# Exercise goal
Whether an entry is long or short, retype it exactly.

- - -

lemma cobd_phi_eq_phi_ccobd:
  assumes "module sv" "\<And>p. additive (act1 p)" "\<And>p. additive (act2 p)"
    and "ccochain sg sv \<alpha> \<beta> \<alpha>V \<beta>V n fs" "1 \<le> n" "length ps = Suc n"
  shows "cobd sv (\<lambda>p q. b1 p q + b2 p q) (\<lambda>p v. act1 p v + act2 p v) \<alpha> \<beta> n (phi fs) ps
       = phi (ccobd sv b1 b2 act1 act2 \<alpha> \<beta> n fs) ps"
proof -
  let ?c1 = "\<lambda>f. cobd sv b1 act1 \<alpha> \<beta> n f ps" and ?c2 = "\<lambda>f. cobd sv b2 act2 \<alpha> \<beta> n f ps"
  have len: "length fs = n" and cochains: "\<forall>f\<in>set fs. cochain sg sv \<alpha> \<beta> \<alpha>V \<beta>V n f"
    using assms(4) unfolding ccochain_def by auto
  have split: "cobd sv (\<lambda>p q. b1 p q + b2 p q) (\<lambda>p v. act1 p v + act2 p v) \<alpha> \<beta> n f ps = ?c1 f + ?c2 f"
    if "f \<in> set fs" for f
  proof (rule cobd_bracket_action_add[OF assms(1,6)])
    have "cochain sg sv \<alpha> \<beta> \<alpha>V \<beta>V (Suc (n - 1)) f"
      using cochains that assms(5) by simp
    then show "f ((x + y) # rest) = f (x # rest) + f (y # rest)" if "length rest = n - 1" for x y rest
      using that by (rule cochain_head_additive)
  qed
  have "cobd sv (\<lambda>p q. b1 p q + b2 p q) (\<lambda>p v. act1 p v + act2 p v) \<alpha> \<beta> n (phi fs) ps
      = (\<Sum>f\<leftarrow>fs. cobd sv (\<lambda>p q. b1 p q + b2 p q) (\<lambda>p v. act1 p v + act2 p v) \<alpha> \<beta> n f ps)"
    using assms(1-3) by (simp add: cobd_phi additive_pointwise_add)
  also have "\<dots> = (\<Sum>f\<leftarrow>fs. ?c1 f + ?c2 f)"
    by (intro arg_cong[where f = sum_list] map_cong) (simp_all add: split)
  also have "\<dots> = (\<Sum>k<n. ?c1 (fs ! k)) + (\<Sum>k<n. ?c2 (fs ! k))"
    by (simp add: sum_list_sum_nth len atLeast0LessThan sum.distrib)
  also have "\<dots> = phi (ccobd sv b1 b2 act1 act2 \<alpha> \<beta> n fs) ps"
    by (rule phi_ccobd[symmetric])
  finally show ?thesis .
qed

lemma phi0_mem_cochain0:
  assumes "Vector_Spaces.linear sv sv \<alpha>V" "Vector_Spaces.linear sv sv \<beta>V"
    and "v \<in> ccochain0 \<alpha> \<beta> \<alpha>V \<beta>V act1 act2"
  shows "phi0 sv v \<in> cochain0 \<alpha>V \<beta>V"
  using assms by (simp add: ccochain0_def cochain0_def phi0_def Vector_Spaces.linear_iff)

lemma cobd0_phi0_eq_phi_ccobd0:
  fixes sv :: "'k::field \<Rightarrow> 'v::ab_group_add \<Rightarrow> 'v"
  assumes "module sv" "(2::'k) \<noteq> 0"
    and "\<And>p. Vector_Spaces.linear sv sv (act1 p)" "\<And>p. Vector_Spaces.linear sv sv (act2 p)"
    and "v \<in> ccochain0 \<alpha> \<beta> \<alpha>V \<beta>V act1 act2"
  shows "cobd0 (\<lambda>p v. act1 p v + act2 p v) \<alpha> \<beta> (phi0 sv v) ps = phi (ccobd0 act1 \<alpha> \<beta> v) ps"
proof -
  have "act2 (\<alpha> (inv \<beta> (hd ps))) v = act1 (\<alpha> (inv \<beta> (hd ps))) v"
    using assms(5) unfolding ccochain0_def by auto
  with assms show ?thesis
    unfolding cobd0_def phi0_def ccobd0_def
    by (simp add: Vector_Spaces.linear_iff scale_half_add_self)
qed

- - -

# Written answer
lemma cobd_phi_eq_phi_ccobd:
  assumes "module sv" "\<And>p. additive (act1 p)" "\<And>p. additive (act2 p)"
    and "ccochain sg sv \<alpha> \<beta> \<alpha>V \<beta>V n fs" "1 \<le> n" "length ps = Suc n"
  shows "cobd sv (\<lambda>p q. b1 p q + b2 p q) (\<lambda>p v. act1 p v + act2 p v) \<alpha> \<beta> n (phi fs) ps
       = phi (ccobd sv b1 b2 act1 act2 \<alpha> \<beta> n fs) ps"
proof -
  let ?c1 = "\<lambda>f. cobd sv b1 act1 \<alpha> \<beta> n f ps" and ?c2 = "\<lambda>f. cobd sv b2 act2 \<alpha> \<beta> n f ps"
  have len: "length fs = n" and cochains: "\<forall>f\<in>set fs. cochain sg sv \<alpha> \<beta> \<alpha>V \<beta>V n f"
    using assms(4) unfolding ccochain_def by auto
  have split: "cobd sv (\<lambda>p q. b1 p q + b2 p q) (\<lambda>p v. act1 p v + act2 p v) \<alpha> \<beta> n f ps = ?c1 f + ?c2 f"
    if "f \<in> set fs" for f
  proof (rule cobd_bracket_action_add[OF assms(1,6)])
    have "cochain sg sv \<alpha> \<beta> \<alpha>V \<beta>V (Suc (n - 1)) f"
      using cochains that assms(5) by simp
    then show "f ((x + y) # rest) = f (x # rest) + f (y # rest)" if "length rest = n - 1" for x y rest
      using that by (rule cochain_head_additive)
  qed
  have "cobd sv (\<lambda>p q. b1 p q + b2 p q) (\<lambda>p v. act1 p v + act2 p v) \<alpha> \<beta> n (phi fs) ps
      = (\<Sum>f\<leftarrow>fs. cobd sv (\<lambda>p q. b1 p q + b2 p q) (\<lambda>p v. act1 p v + act2 p v) \<alpha> \<beta> n f ps)"
    using assms(1-3) by (simp add: cobd_phi additive_pointwise_add)
  also have "\<dots> = (\<Sum>f\<leftarrow>fs. ?c1 f + ?c2 f)"
    by (intro arg_cong[where f = sum_list] map_cong) (simp_all add: split)
  also have "\<dots> = (\<Sum>k<n. ?c1 (fs ! k)) + (\<Sum>k<n. ?c2 (fs ! k))"
    by (simp add: sum_list_sum_nth len atLeast0LessThan sum.distrib)
  also have "\<dots> = phi (ccobd sv b1 b2 act1 act2 \<alpha> \<beta> n fs) ps"
    by (rule phi_ccobd[symmetric])
  finally show ?thesis .
qed

lemma phi0_mem_cochain0:
  assumes "Vector_Spaces.linear sv sv \<alpha>V" "Vector_Spaces.linear sv sv \<beta>V"
    and "v \<in> ccochain0 \<alpha> \<beta> \<alpha>V \<beta>V act1 act2"
  shows "phi0 sv v \<in> cochain0 \<alpha>V \<beta>V"
  using assms by (simp add: ccochain0_def cochain0_def phi0_def Vector_Spaces.linear_iff)

lemma cobd0_phi0_eq_phi_ccobd0:
  fixes sv :: "'k::field \<Rightarrow> 'v::ab_group_add \<Rightarrow> 'v"
  assumes "module sv" "(2::'k) \<noteq> 0"
    and "\<And>p. Vector_Spaces.linear sv sv (act1 p)" "\<And>p. Vector_Spaces.linear sv sv (act2 p)"
    and "v \<in> ccochain0 \<alpha> \<beta> \<alpha>V \<beta>V act1 act2"
  shows "cobd0 (\<lambda>p v. act1 p v + act2 p v) \<alpha> \<beta> (phi0 sv v) ps = phi (ccobd0 act1 \<alpha> \<beta> v) ps"
proof -
  have "act2 (\<alpha> (inv \<beta> (hd ps))) v = act1 (\<alpha> (inv \<beta> (hd ps))) v"
    using assms(5) unfolding ccochain0_def by auto
  with assms show ?thesis
    unfolding cobd0_def phi0_def ccobd0_def
    by (simp add: Vector_Spaces.linear_iff scale_half_add_self)
qed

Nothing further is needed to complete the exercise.